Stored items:
╭──
(* Let $\mathcal{G}$ be an MVPP always-grabbing pawn game with pawns $[d]$, let $\langle v,P\rangle$ be a configuration, let $j\in[d]$ be the pawn with $v\in V_j$, and let $P'\subseteq P$. (1) If ($j\in P$ implies $j\in P'$) and Player 1 wins from $\langle v,P\rangle$, then Player 1 wins from $\langle v,P'\rangle$. (2) If ($j\notin P'$ implies $j\notin P$) and Player 2 wins from $\langle v,P'\rangle$, then Player 2 wins from $\langle v,P\rangle$.
   Context: A pawn game with $d$ pawns consists of a finite directed graph $(V,E)$, a target set $T\subseteq V$, and sets $V_1,\dots,V_d$ partitioning $V$ (MVPP), where Pawn $j$ owns the vertices in $V_j$. A configuration $\langle v,P\rangle$ gives the token position and the set $P\subseteq[d]$ of pawns controlled by Player 1 (Player 2 controls the rest). At $\langle v,P\rangle$, Player 1 moves the token along an edge iff he controls the pawn owning $v$; otherwise Player 2 moves. Under always grabbing, after every move of Player $i$, the other player must take exactly one pawn currently controlled by Player $i$. Player 1 wins a play iff it visits $T$, otherwise Player 2 wins; winning from a configuration means having a strategy that wins against all opponent strategies. *)

theory Defs
  imports Main
begin

text \<open>A vertex v is owned by pawn own v (MVPP: each vertex is owned
by exactly one pawn, i.e. V_j = {v \<in> V. own v = j}).
A configuration is a pair (v, P): token position and the set of pawns controlled by Player 1.\<close>

type_synonym 'v config = "'v \<times> nat set"

definition pawn_game :: "'v set \<Rightarrow> ('v \<times> 'v) set \<Rightarrow> 'v set \<Rightarrow> nat \<Rightarrow> ('v \<Rightarrow> nat) \<Rightarrow> bool" where
  "pawn_game V E T d own \<longleftrightarrow>
     finite V \<and> E \<subseteq> V \<times> V \<and> T \<subseteq> V \<and>
     (\<forall>v\<in>V. own v \<in> {1..d}) \<and>
     (\<forall>v\<in>V. \<exists>u. (v, u) \<in> E)"

text \<open>A strategy of a player: a move function (history to successor vertex), used when the
player controls the pawn owning the current vertex, and a grab function (history and the
opponent's chosen successor to a pawn), used after the opponent has moved.\<close>

type_synonym 'v strategy = "('v config list \<Rightarrow> 'v) \<times> ('v config list \<Rightarrow> 'v \<Rightarrow> nat)"

definition legal1 :: "'v set \<Rightarrow> ('v \<times> 'v) set \<Rightarrow> nat \<Rightarrow> ('v \<Rightarrow> nat) \<Rightarrow> 'v strategy \<Rightarrow> bool" where
  "legal1 V E d own \<sigma> \<longleftrightarrow>
     (\<forall>h v P. h \<noteq> [] \<longrightarrow> last h = (v, P) \<longrightarrow> v \<in> V \<longrightarrow> P \<subseteq> {1..d} \<longrightarrow>
        (own v \<in> P \<longrightarrow> (v, fst \<sigma> h) \<in> E) \<and>
        (own v \<notin> P \<longrightarrow> (\<forall>u. (v, u) \<in> E \<longrightarrow> snd \<sigma> h u \<in> {1..d} - P)))"

definition legal2 :: "'v set \<Rightarrow> ('v \<times> 'v) set \<Rightarrow> nat \<Rightarrow> ('v \<Rightarrow> nat) \<Rightarrow> 'v strategy \<Rightarrow> bool" where
  "legal2 V E d own \<tau> \<longleftrightarrow>
     (\<forall>h v P. h \<noteq> [] \<longrightarrow> last h = (v, P) \<longrightarrow> v \<in> V \<longrightarrow> P \<subseteq> {1..d} \<longrightarrow>
        (own v \<notin> P \<longrightarrow> (v, fst \<tau> h) \<in> E) \<and>
        (own v \<in> P \<longrightarrow> (\<forall>u. (v, u) \<in> E \<longrightarrow> snd \<tau> h u \<in> P)))"

definition next_config :: "('v \<Rightarrow> nat) \<Rightarrow> 'v strategy \<Rightarrow> 'v strategy \<Rightarrow> 'v config list \<Rightarrow> 'v config" where
  "next_config own \<sigma> \<tau> h =
     (let (v, P) = last h in
      if own v \<in> P
      then (let u = fst \<sigma> h in (u, P - {snd \<tau> h u}))
      else (let u = fst \<tau> h in (u, P \<union> {snd \<sigma> h u})))"

fun history :: "('v \<Rightarrow> nat) \<Rightarrow> 'v strategy \<Rightarrow> 'v strategy \<Rightarrow> 'v config \<Rightarrow> nat \<Rightarrow> 'v config list" where
  "history own \<sigma> \<tau> c 0 = [c]"
| "history own \<sigma> \<tau> c (Suc n) =
     history own \<sigma> \<tau> c n @ [next_config own \<sigma> \<tau> (history own \<sigma> \<tau> c n)]"

definition play :: "('v \<Rightarrow> nat) \<Rightarrow> 'v strategy \<Rightarrow> 'v strategy \<Rightarrow> 'v config \<Rightarrow> nat \<Rightarrow> 'v config" where
  "play own \<sigma> \<tau> c n = last (history own \<sigma> \<tau> c n)"

definition wins1 :: "'v set \<Rightarrow> ('v \<times> 'v) set \<Rightarrow> 'v set \<Rightarrow> nat \<Rightarrow> ('v \<Rightarrow> nat) \<Rightarrow> 'v config \<Rightarrow> bool" where
  "wins1 V E T d own c \<longleftrightarrow>
     (\<exists>\<sigma>. legal1 V E d own \<sigma> \<and>
        (\<forall>\<tau>. legal2 V E d own \<tau> \<longrightarrow> (\<exists>n. fst (play own \<sigma> \<tau> c n) \<in> T)))"

definition wins2 :: "'v set \<Rightarrow> ('v \<times> 'v) set \<Rightarrow> 'v set \<Rightarrow> nat \<Rightarrow> ('v \<Rightarrow> nat) \<Rightarrow> 'v config \<Rightarrow> bool" where
  "wins2 V E T d own c \<longleftrightarrow>
     (\<exists>\<tau>. legal2 V E d own \<tau> \<and>
        (\<forall>\<sigma>. legal1 V E d own \<sigma> \<longrightarrow> (\<forall>n. fst (play own \<sigma> \<tau> c n) \<notin> T)))"

end

(* Player 1 plays from <v, P'> by running his winning strategy sigma from <v, P> on a shadow play
   that visits the same vertices. The invariant is that the real pawn set is contained in the shadow
   one and that both plays agree on who controls the token. When the opponent grabs a pawn k in the
   real play, the shadow opponent grabs k too, or the owner of the next vertex if that is needed to
   keep control aligned; when sigma grabs g in the shadow play, Player 1 grabs g in the real play,
   or again the owner of the next vertex. The shadow play is consistent with sigma, and every
   sigma-consistent run is a play of sigma against some legal opponent, so it reaches T.
   Part (2) is part (1) for Player 2: complementing pawn sets within [d] exchanges the roles of the
   two players, and the simulation preserves the vertex sequence, whatever the objective. *)

theory Submission
  imports Defs
begin

(* Legality constrains a strategy also on histories that arise in no play; legalizing repairs it
   there and keeps every choice that is already legal. *)
definition legalize1 :: "('v \<times> 'v) set \<Rightarrow> nat \<Rightarrow> 'v strategy \<Rightarrow> 'v strategy" where
  "legalize1 E d \<sigma> =
     (\<lambda>h. if (fst (last h), fst \<sigma> h) \<in> E then fst \<sigma> h else (SOME u. (fst (last h), u) \<in> E),
      \<lambda>h u. if snd \<sigma> h u \<in> {1..d} - snd (last h) then snd \<sigma> h u
            else (SOME k. k \<in> {1..d} - snd (last h)))"

definition legalize2 :: "('v \<times> 'v) set \<Rightarrow> 'v strategy \<Rightarrow> 'v strategy" where
  "legalize2 E \<tau> =
     (\<lambda>h. if (fst (last h), fst \<tau> h) \<in> E then fst \<tau> h else (SOME u. (fst (last h), u) \<in> E),
      \<lambda>h u. if snd \<tau> h u \<in> snd (last h) then snd \<tau> h u else (SOME k. k \<in> snd (last h)))"

lemma legal1_legalize1:
  assumes "pawn_game V E T d own"
  shows "legal1 V E d own (legalize1 E d \<sigma>)"
  unfolding legal1_def
proof (intro allI impI conjI)
  fix h v P assume h: "h \<noteq> []" "last h = (v, P)" "v \<in> V" "P \<subseteq> {1..d}"
  then obtain u where "(v, u) \<in> E"
    using assms unfolding pawn_game_def by blast
  then show "(v, fst (legalize1 E d \<sigma>) h) \<in> E"
    using h(2) unfolding legalize1_def by (auto intro: someI)
  assume "own v \<notin> P"
  then have "own v \<in> {1..d} - P"
    using assms h(3) unfolding pawn_game_def by auto
  then have "(SOME k. k \<in> {1..d} - P) \<in> {1..d} - P"
    by (rule someI)
  then show "snd (legalize1 E d \<sigma>) h u \<in> {1..d} - P" for u
    using h(2) unfolding legalize1_def by auto
qed

lemma legal2_legalize2:
  assumes "pawn_game V E T d own"
  shows "legal2 V E d own (legalize2 E \<tau>)"
  unfolding legal2_def
proof (intro allI impI conjI)
  fix h v P assume h: "h \<noteq> []" "last h = (v, P)" "v \<in> V" "P \<subseteq> {1..d}"
  then obtain u where "(v, u) \<in> E"
    using assms unfolding pawn_game_def by blast
  then show "(v, fst (legalize2 E \<tau>) h) \<in> E"
    using h(2) unfolding legalize2_def by (auto intro: someI)
  assume "own v \<in> P"
  then have "(SOME k. k \<in> P) \<in> P"
    by (rule someI)
  then show "snd (legalize2 E \<tau>) h u \<in> P" for u
    using h(2) unfolding legalize2_def by auto
qed

lemma fst_legalize1: "(fst (last h), fst \<sigma> h) \<in> E \<Longrightarrow> fst (legalize1 E d \<sigma>) h = fst \<sigma> h"
  by (simp add: legalize1_def)

lemma snd_legalize1:
  "snd \<sigma> h u \<in> {1..d} - snd (last h) \<Longrightarrow> snd (legalize1 E d \<sigma>) h u = snd \<sigma> h u"
  by (simp add: legalize1_def)

lemma history_not_Nil [simp]: "history own \<sigma> \<tau> c n \<noteq> []"
  by (cases n) auto

lemma next_config_eq:
  "last h = (v, P) \<Longrightarrow> next_config own \<sigma> \<tau> h =
     (if own v \<in> P then (fst \<sigma> h, P - {snd \<tau> h (fst \<sigma> h)})
      else (fst \<tau> h, P \<union> {snd \<sigma> h (fst \<tau> h)}))"
  by (simp add: next_config_def Let_def)

definition successor1 :: "('v \<times> 'v) set \<Rightarrow> ('v \<Rightarrow> nat) \<Rightarrow> 'v strategy \<Rightarrow> 'v config list \<Rightarrow> 'v config \<Rightarrow> bool" where
  "successor1 E own \<sigma> h c \<longleftrightarrow> (case last h of (v, P) \<Rightarrow>
     if own v \<in> P then \<exists>k\<in>P. c = (fst \<sigma> h, P - {k})
     else \<exists>u. (v, u) \<in> E \<and> c = (u, P \<union> {snd \<sigma> h u}))"

definition replaying_strategy :: "('v \<times> 'v) set \<Rightarrow> (nat \<Rightarrow> 'v config list) \<Rightarrow> 'v strategy" where
  "replaying_strategy E H = legalize2 E
     (\<lambda>h. fst (last (H (length h))),
      \<lambda>h u. SOME k. k \<in> snd (last h) \<and> last (H (length h)) = (u, snd (last h) - {k}))"

lemma next_config_replaying_strategy:
  assumes "last (H (length h)) = x" and "successor1 E own \<sigma> h x"
  shows "next_config own \<sigma> (replaying_strategy E H) h = x"
proof -
  obtain v P where last: "last h = (v, P)"
    by fastforce
  show ?thesis
  proof (cases "own v \<in> P")
    case True
    then obtain k where "k \<in> P \<and> x = (fst \<sigma> h, P - {k})"
      using assms(2) last unfolding successor1_def by auto
    then have "snd (replaying_strategy E H) h (fst \<sigma> h) \<in> P \<and>
        x = (fst \<sigma> h, P - {snd (replaying_strategy E H) h (fst \<sigma> h)})"
      using someI[of "\<lambda>k. k \<in> P \<and> x = (fst \<sigma> h, P - {k})"] assms(1) last
      unfolding replaying_strategy_def legalize2_def by auto
    then show ?thesis
      using True last by (simp add: next_config_eq)
  next
    case False
    then obtain u where "(v, u) \<in> E" "x = (u, P \<union> {snd \<sigma> h u})"
      using assms(2) last unfolding successor1_def by auto
    then show ?thesis
      using False last assms(1) by (simp add: next_config_eq replaying_strategy_def legalize2_def)
  qed
qed

lemma successor1_run_is_history:
  assumes "pawn_game V E T d own"
    and run0: "H 0 = [c]"
    and run_Suc: "\<And>n. \<exists>x. H (Suc n) = H n @ [x] \<and> successor1 E own \<sigma> (H n) x"
  obtains \<tau> where "legal2 V E d own \<tau>" and "\<And>n. history own \<sigma> \<tau> c n = H n"
proof
  show "legal2 V E d own (replaying_strategy E H)"
    unfolding replaying_strategy_def by (rule legal2_legalize2[OF assms(1)])
  have len: "length (H n) = Suc n" for n
  proof (induction n)
    case (Suc n)
    then show ?case using run_Suc[of n] by auto
  qed (simp add: run0)
  show "history own \<sigma> (replaying_strategy E H) c n = H n" for n
  proof (induction n)
    case 0
    then show ?case using run0 by simp
  next
    case (Suc n)
    obtain x where x: "H (Suc n) = H n @ [x]" and "successor1 E own \<sigma> (H n) x"
      using run_Suc by blast
    then have "next_config own \<sigma> (replaying_strategy E H) (H n) = x"
      using len by (intro next_config_replaying_strategy) simp_all
    then show ?case
      using Suc x by simp
  qed
qed

(* Works on the reversed history, so that the recursion strips the latest configuration. *)
fun shadow_rev :: "('v config list \<Rightarrow> 'v config list \<Rightarrow> 'v config) \<Rightarrow> 'v config \<Rightarrow>
    'v config list \<Rightarrow> 'v config list" where
  "shadow_rev F c0 [] = []"
| "shadow_rev F c0 [c] = [c0]"
| "shadow_rev F c0 (c # c' # h) =
     F (rev (shadow_rev F c0 (c' # h))) (rev (c # c' # h)) # shadow_rev F c0 (c' # h)"

definition shadow :: "('v config list \<Rightarrow> 'v config list \<Rightarrow> 'v config) \<Rightarrow> 'v config \<Rightarrow>
    'v config list \<Rightarrow> 'v config list" where
  "shadow F c0 h = rev (shadow_rev F c0 (rev h))"

lemma shadow_singleton [simp]: "shadow F c0 [c] = [c0]"
  by (simp add: shadow_def)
╰──
**Work request**
Look over the records above and copy each line that includes the string "someI".

**Answer space**
    using h(2) unfolding legalize1_def by (auto intro: someI)
    by (rule someI)
    using h(2) unfolding legalize2_def by (auto intro: someI)
    by (rule someI)
      using someI[of "\<lambda>k. k \<in> P \<and> x = (fst \<sigma> h, P - {k})"] assms(1) last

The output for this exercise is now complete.